Find the string "emeasure" in the records. Copy each line that has it.
==================================================
theorem proposition2p6:
  fixes \<nu> :: "'g::{topological_group_add, t2_space, second_countable_topology} measure"
    and Z :: "('x::polish_space \<times> 'g) set"
    and m :: "('x \<times> 'g) measure"
    and mx :: "'x \<Rightarrow> 'g measure"
  assumes lie: "locally_euclidean_group TYPE('g)"
    and haar: "left_haar_measure \<nu>"
    and Z_open: "open Z" and Z_ne: "Z \<noteq> {}"
    and m_sets: "sets m = sets (restrict_space borel Z)"
    and m_prob: "prob_space m"
    and mx_sets: "\<And>x. x \<in> fst ` Z \<Longrightarrow> sets (mx x) = sets (restrict_space borel (fibre Z x))"
    and mx_prob: "\<And>x. x \<in> fst ` Z \<Longrightarrow> prob_space (mx x)"
    and disint_meas: "\<And>B. B \<in> sets m \<Longrightarrow>
          (\<lambda>x. emeasure (mx x) {h. (x, h) \<in> B}) \<in> borel_measurable (completion (distr m borel fst))"
    and disint: "\<And>B. B \<in> sets m \<Longrightarrow>
          emeasure m B = (\<integral>\<^sup>+ x. emeasure (mx x) {h. (x, h) \<in> B} \<partial>completion (distr m borel fst))"
    and invariant: "\<And>W g. W \<in> sets m \<Longrightarrow> act g ` W \<subseteq> Z \<Longrightarrow> emeasure m (act g ` W) = emeasure m W"
  shows "AE x in distr m borel fst.
           emeasure \<nu> (fibre Z x) < \<infinity> \<and>
           mx x = scale_measure (1 / emeasure \<nu> (fibre Z x)) (restrict_space \<nu> (fibre Z x))"
proof -
  interpret invariant_disintegration \<nu> Z m mx
    by (intro invariant_disintegration.intro left_haar.intro invariant_disintegration_axioms.intro
        locally_compact_space_if_locally_euclidean_group lie haar Z_open m_sets m_prob mx_sets mx_prob
        disint_meas disint invariant)
  show ?thesis
    by (rule AE_eq_normalized_restrict_haar)
qed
==================================================
◆ **RESPONSE BELOW**
          (\<lambda>x. emeasure (mx x) {h. (x, h) \<in> B}) \<in> borel_measurable (completion (distr m borel fst))"
          emeasure m B = (\<integral>\<^sup>+ x. emeasure (mx x) {h. (x, h) \<in> B} \<partial>completion (distr m borel fst))"
    and invariant: "\<And>W g. W \<in> sets m \<Longrightarrow> act g ` W \<subseteq> Z \<Longrightarrow> emeasure m (act g ` W) = emeasure m W"
           emeasure \<nu> (fibre Z x) < \<infinity> \<and>
           mx x = scale_measure (1 / emeasure \<nu> (fibre Z x)) (restrict_space \<nu> (fibre Z x))"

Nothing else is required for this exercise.